Whilst using it I thought it was nifty, but it wasn’t until I switch to Gnome/FB that I noticed just how good it was.
If anyone actually reads this and knows 1. what this is called and 2. how to get the same functionality in gnome, please let me know.
I have to say it’s not in my xorg.conf as I am using exactly the same xorg.conf I was running under E17.
The urge continues ….
I liked Fluxbox, it was clean, smooth and customisable.
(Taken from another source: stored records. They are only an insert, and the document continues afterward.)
lemma closed_family_separated:
  fixes C :: "nat \<Rightarrow> 'a::metric_space set"
  assumes cpt: "compact (UNIV :: 'a set)" and closed: "\<And>j. closed (C j)"
    and disj: "\<And>i j. i \<noteq> j \<Longrightarrow> C i \<inter> C j = {}"
  shows "\<exists>\<rho>>0. \<forall>i<m. \<forall>j<m. i \<noteq> j \<longrightarrow> (\<forall>x\<in>C i. \<forall>y\<in>C j. \<rho> \<le> dist x y)"
proof -
  have "\<exists>\<delta>>0. \<forall>x\<in>C j. \<forall>y\<in>(\<Union>i\<in>{i. i < m \<and> i \<noteq> j}. C i). \<delta> \<le> dist x y" for j
  proof (rule compact_closed_separated)
    show "compact (C j)" using closed_Int_compact[OF closed[of j] cpt] by simp
    show "closed (\<Union>i\<in>{i. i < m \<and> i \<noteq> j}. C i)" using closed by (intro closed_UN) auto
    show "C j \<inter> (\<Union>i\<in>{i. i < m \<and> i \<noteq> j}. C i) = {}" using disj by blast
  qed
  then obtain \<delta> where \<delta>: "\<And>j. 0 < \<delta> j" "\<And>i j x y. i < m \<Longrightarrow> i \<noteq> j \<Longrightarrow> x \<in> C j \<Longrightarrow> y \<in> C i \<Longrightarrow> \<delta> j \<le> dist x y"
    by (metis (mono_tags, lifting) UN_I mem_Collect_eq)
  define \<rho> where "\<rho> = Min (insert 1 (\<delta> ` {..<m}))"
  have "0 < \<rho>" unfolding \<rho>_def using \<delta>(1) by (subst Min_gr_iff) auto
  moreover have "\<rho> \<le> dist x y" if "i < m" "j < m" "i \<noteq> j" "x \<in> C i" "y \<in> C j" for i j x y
  proof -
    from that have "\<rho> \<le> \<delta> i" "\<delta> i \<le> dist x y" unfolding \<rho>_def using \<delta>(2)[of j i x y] by auto
    then show "\<rho> \<le> dist x y" by linarith
  qed
  ultimately show ?thesis by blast
qed
(* Fix $n\in\mathbb{N}$, let $U_1,\dots,U_n$ be independent uniform random variables on $[0,1]$, let $I(t)=(f_1(t;U_1),\dots,f_n(t;U_n))$, and define the uniform Mallows process $\mathcal{M}^U_t=\Phi(I(t))$, $t\ge0$. Then $(\mathcal{M}^U_t)_{t\ge0}$ is a regular Mallows process.
   Context: For $j\in\mathbb{N}$, $u\in(0,1)$: $f_j(t;u)=\lfloor\log(1-u(1-t^j))/\log t\rfloor$ for $t\notin\{0,1\}$, $f_j(0;u)=0$, $f_j(1;u)=\lfloor ju\rfloor$. $\mathcal{E}_n=\{(I_1,\dots,I_n)\in\mathbb{Z}^n:0\le I_j\le j-1\}$; $\mathrm{Inv}_j(\sigma)=|\{i\in[j-1]:\sigma(i)>\sigma(j)\}|$, $\mathrm{Inv}=\sum_j\mathrm{Inv}_j$; $\Phi:\mathcal{E}_n\to\mathcal{S}_n$ the unique bijection with $\mathrm{Inv}_j(\Phi(I))=I_j$ (for $k=n,\dots,1$: $[n]\setminus\{\sigma(n),\dots,\sigma(k+1)\}=\{x_1<\dots<x_k\}$, $\sigma(k)=x_{k-I_k}$). Mallows distribution $\pi_{n,q}(\sigma)=q^{\mathrm{Inv}(\sigma)}/\prod_{k=1}^n\sum_{\ell=0}^{k-1}q^\ell$ ($0^0=1$); a Mallows process is an $\mathcal{S}_n$-valued càdlàg process with $\mathcal{M}_t\sim\pi_{n,t}$ for all $t$. Regular: each $t\mapsto\mathrm{Inv}_j(\mathcal{M}_t)$ nondecreasing, $\mathrm{Inv}(\mathcal{M}_t)\le\mathrm{Inv}(\mathcal{M}_{t-})+1$ for all $t$, and the processes $(\mathrm{Inv}_j(\mathcal{M}_t))_{t\ge0}$, $j\in[n]$, mutually independent. *)

theory Defs
  imports "HOL-Probability.Probability" "HOL-Combinatorics.Permutations"
begin

text \<open>Permutations of [n] are functions nat => nat that permute {1..n}.\<close>

definition fj :: "nat \<Rightarrow> real \<Rightarrow> real \<Rightarrow> int" where
  "fj j t u = (if t = 0 then 0
               else if t = 1 then \<lfloor>real j * u\<rfloor>
               else \<lfloor>ln (1 - u * (1 - t ^ j)) / ln t\<rfloor>)"

definition InvJ :: "nat \<Rightarrow> (nat \<Rightarrow> nat) \<Rightarrow> nat" where
  "InvJ j \<sigma> = card {i \<in> {1..<j}. \<sigma> i > \<sigma> j}"

definition Inv :: "nat \<Rightarrow> (nat \<Rightarrow> nat) \<Rightarrow> nat" where
  "Inv n \<sigma> = (\<Sum>j\<in>{1..n}. InvJ j \<sigma>)"

definition Ecodes :: "nat \<Rightarrow> (nat \<Rightarrow> int) set" where
  "Ecodes n = {I. \<forall>j\<in>{1..n}. 0 \<le> I j \<and> I j \<le> int j - 1}"

definition Phi :: "nat \<Rightarrow> (nat \<Rightarrow> int) \<Rightarrow> (nat \<Rightarrow> nat)" where
  "Phi n I = (THE \<sigma>. \<sigma> permutes {1..n} \<and> (\<forall>j\<in>{1..n}. int (InvJ j \<sigma>) = I j))"

definition mallows :: "nat \<Rightarrow> real \<Rightarrow> (nat \<Rightarrow> nat) \<Rightarrow> real" where
  "mallows n q \<sigma> = q ^ Inv n \<sigma> / (\<Prod>k\<in>{1..n}. \<Sum>l<k. q ^ l)"

definition cadlag_discrete :: "(real \<Rightarrow> 'a) \<Rightarrow> bool" where
  "cadlag_discrete X \<longleftrightarrow>
     (\<forall>t\<ge>0. \<forall>\<^sub>F s in at_right t. X s = X t) \<and>
     (\<forall>t>0. \<exists>a. \<forall>\<^sub>F s in at_left t. X s = a)"

text \<open>Left limit X(t-), with the convention X(0-) = X(0).\<close>
definition left_lim :: "(real \<Rightarrow> 'a) \<Rightarrow> real \<Rightarrow> 'a" where
  "left_lim X t = (if t \<le> 0 then X 0 else (THE a. \<forall>\<^sub>F s in at_left t. X s = a))"

definition mallows_process ::
  "'w measure \<Rightarrow> nat \<Rightarrow> (real \<Rightarrow> 'w \<Rightarrow> (nat \<Rightarrow> nat)) \<Rightarrow> bool" where
  "mallows_process M n X \<longleftrightarrow>
     (AE \<omega> in M. (\<forall>t\<ge>0. X t \<omega> permutes {1..n}) \<and> cadlag_discrete (\<lambda>t. X t \<omega>)) \<and>
     (\<forall>t\<ge>0. \<forall>\<sigma>. \<sigma> permutes {1..n} \<longrightarrow>
        {\<omega> \<in> space M. X t \<omega> = \<sigma>} \<in> sets M \<and>
        measure M {\<omega> \<in> space M. X t \<omega> = \<sigma>} = mallows n t \<sigma>)"

definition regular_mallows_process ::
  "'w measure \<Rightarrow> nat \<Rightarrow> (real \<Rightarrow> 'w \<Rightarrow> (nat \<Rightarrow> nat)) \<Rightarrow> bool" where
  "regular_mallows_process M n X \<longleftrightarrow>
     mallows_process M n X \<and>
     (AE \<omega> in M. (\<forall>j\<in>{1..n}. \<forall>s t. 0 \<le> s \<longrightarrow> s \<le> t \<longrightarrow>
                      InvJ j (X s \<omega>) \<le> InvJ j (X t \<omega>)) \<and>
                  (\<forall>t\<ge>0. Inv n (X t \<omega>) \<le> Inv n (left_lim (\<lambda>s. X s \<omega>) t) + 1)) \<and>
     prob_space.indep_vars M (\<lambda>_. PiM {0..} (\<lambda>_. count_space UNIV))
        (\<lambda>j \<omega>. restrict (\<lambda>t. InvJ j (X t \<omega>)) {0..}) {1..n}"

definition uniform_mallows :: "nat \<Rightarrow> (nat \<Rightarrow> 'w \<Rightarrow> real) \<Rightarrow> real \<Rightarrow> 'w \<Rightarrow> (nat \<Rightarrow> nat)" where
  "uniform_mallows n U t \<omega> = Phi n (\<lambda>j. fj j t (U j \<omega>))"

end

theory Submission
  imports Defs
begin

text \<open>For fixed \<open>t\<close>, \<open>fj j t\<close> is the quantile function of the law on \<open>{0..<j}\<close> with
  weights proportional to \<open>t ^ c\<close>, so the codes \<open>fj j t (U j)\<close> are independent with exactly
  the factors of the Mallows weight, and the bijection \<open>Phi\<close> turns them into a Mallows
  permutation. As \<open>t\<close> grows, the thresholds of these quantile functions decrease continuously
  and strictly, so each code is a nondecreasing right-continuous step function of \<open>t\<close> that
  jumps by one whenever a threshold passes \<open>U j\<close>. Two codes jump at the same time only if
  \<open>(U j, U j')\<close> lies on a curve that is the graph of a function, a null event; hence the
  total number of inversions jumps by at most one. Finally the \<open>j\<close>-th code path depends on
  \<open>U j\<close> alone, which gives the independence of the paths.\<close>

lemma measurable_count_space_finite_family:
  fixes V :: "'i \<Rightarrow> 'w \<Rightarrow> 'c::countable" and g :: "('i \<Rightarrow> 'c) \<Rightarrow> 'b"
  assumes I: "finite I" and V: "\<And>i. i \<in> I \<Longrightarrow> V i \<in> M \<rightarrow>\<^sub>M count_space UNIV"
    and g: "\<And>f f'. (\<forall>i\<in>I. f i = f' i) \<Longrightarrow> g f = g f'"
  shows "(\<lambda>\<omega>. g (\<lambda>i. V i \<omega>)) \<in> M \<rightarrow>\<^sub>M count_space UNIV"
proof -
  have level_sets: "{\<omega> \<in> space M. \<forall>i\<in>I. V i \<omega> = c i} \<in> sets M" for c
    using I V by (intro sets.sets_Collect_finite_All) (auto intro: measurable_count_space_const)
  show ?thesis
    unfolding measurable_def
  proof (intro CollectI conjI ballI)
    show "(\<lambda>\<omega>. g (\<lambda>i. V i \<omega>)) \<in> space M \<rightarrow> space (count_space UNIV)" by simp
    fix B :: "'b set"
    have "(\<lambda>\<omega>. g (\<lambda>i. V i \<omega>)) -` B \<inter> space M =
      (\<Union>c\<in>{c \<in> PiE I (\<lambda>_. UNIV). g c \<in> B}. {\<omega> \<in> space M. \<forall>i\<in>I. V i \<omega> = c i})"
    proof (intro set_eqI iffI)
      fix \<omega> assume \<omega>: "\<omega> \<in> (\<lambda>\<omega>. g (\<lambda>i. V i \<omega>)) -` B \<inter> space M"
      have "g (restrict (\<lambda>i. V i \<omega>) I) = g (\<lambda>i. V i \<omega>)" by (intro g) auto
      then show "\<omega> \<in> (\<Union>c\<in>{c \<in> PiE I (\<lambda>_. UNIV). g c \<in> B}. {\<omega> \<in> space M. \<forall>i\<in>I. V i \<omega> = c i})"
        using \<omega> by (intro UN_I[of "restrict (\<lambda>i. V i \<omega>) I"]) auto
    next
      fix \<omega> assume "\<omega> \<in> (\<Union>c\<in>{c \<in> PiE I (\<lambda>_. UNIV). g c \<in> B}. {\<omega> \<in> space M. \<forall>i\<in>I. V i \<omega> = c i})"
      then obtain c where c: "g c \<in> B" "\<omega> \<in> space M" "\<forall>i\<in>I. V i \<omega> = c i" by auto
      have "g (\<lambda>i. V i \<omega>) = g c" using c(3) by (intro g) auto
      then show "\<omega> \<in> (\<lambda>\<omega>. g (\<lambda>i. V i \<omega>)) -` B \<inter> space M" using c by auto
    qed
    also have "\<dots> \<in> sets M"
      using level_sets I
      by (intro sets.countable_UN'' countable_subset[OF _ countable_PiE[of I "\<lambda>_. UNIV"]]) auto
    finally show "(\<lambda>\<omega>. g (\<lambda>i. V i \<omega>)) -` B \<inter> space M \<in> sets M" .
  qed
qed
The killer? The last one. At the moment I don’t have the time to re-setup the machine from scratch using Ubuntu 6.10 alternative from console.
Fluxbox starts very minimal and everything needs to be additionally installed. I installed
bbrun (the command line tool) and
fbdesk (for desktop icons) but couldn’t get them to load on startup. I found two articles, one mentioned about ~/.fluxbox/init and the other … err I’ve forgotten (not at the PC at the moment!) but got neither to work. The other annoyance was the automatic menu generation didn’t pick up every item in
/usr/share/applications/. Manually adding additional items required the console, which isn’t a a problem, just really time consuming!
So with that, I’ve decided to ‘become mainstream’ and go for the full blown Ubuntu again, with the garden accessories (gnome) and everything that comes with it – 7.04 Feisty (Beta).
TBH, I really wanted to give the new Ubuntu a go and seeing it was recently released as beta, I thought why not. Not only that, the WAF (Wife Acceptance Factor) was low with Fluxbox, there weren’t nice desktop icons, nor easy to access menus etc and having opera and gaim not load on startup was starting to annoy her.
I think my previous experiences with Gnome must not have been as successful as I wished as this is actually running quite nicely, none of the ‘sluggishness’ I noticed last time. I’m running it out of the box with one exception, I’ve installed the nvidia binary driver. I’m beginning to think my previous problems may have been driver related. As I left home, I had Synaptic downloading additional apps, like wine, xmms and all the 105mb of updates.
After using it for 2minutes though there is one feature I miss that’s in both Fluxbox and E17, the mouse-driven menus. TBH I’m not sure what it’s actually called, but you know the one where you click the desktop and get the system menu? Anyone knows how to get this under gnome I’d be appreciative. I will look, but got to get everything else working first!
It’s time to go play .. err I mean use it.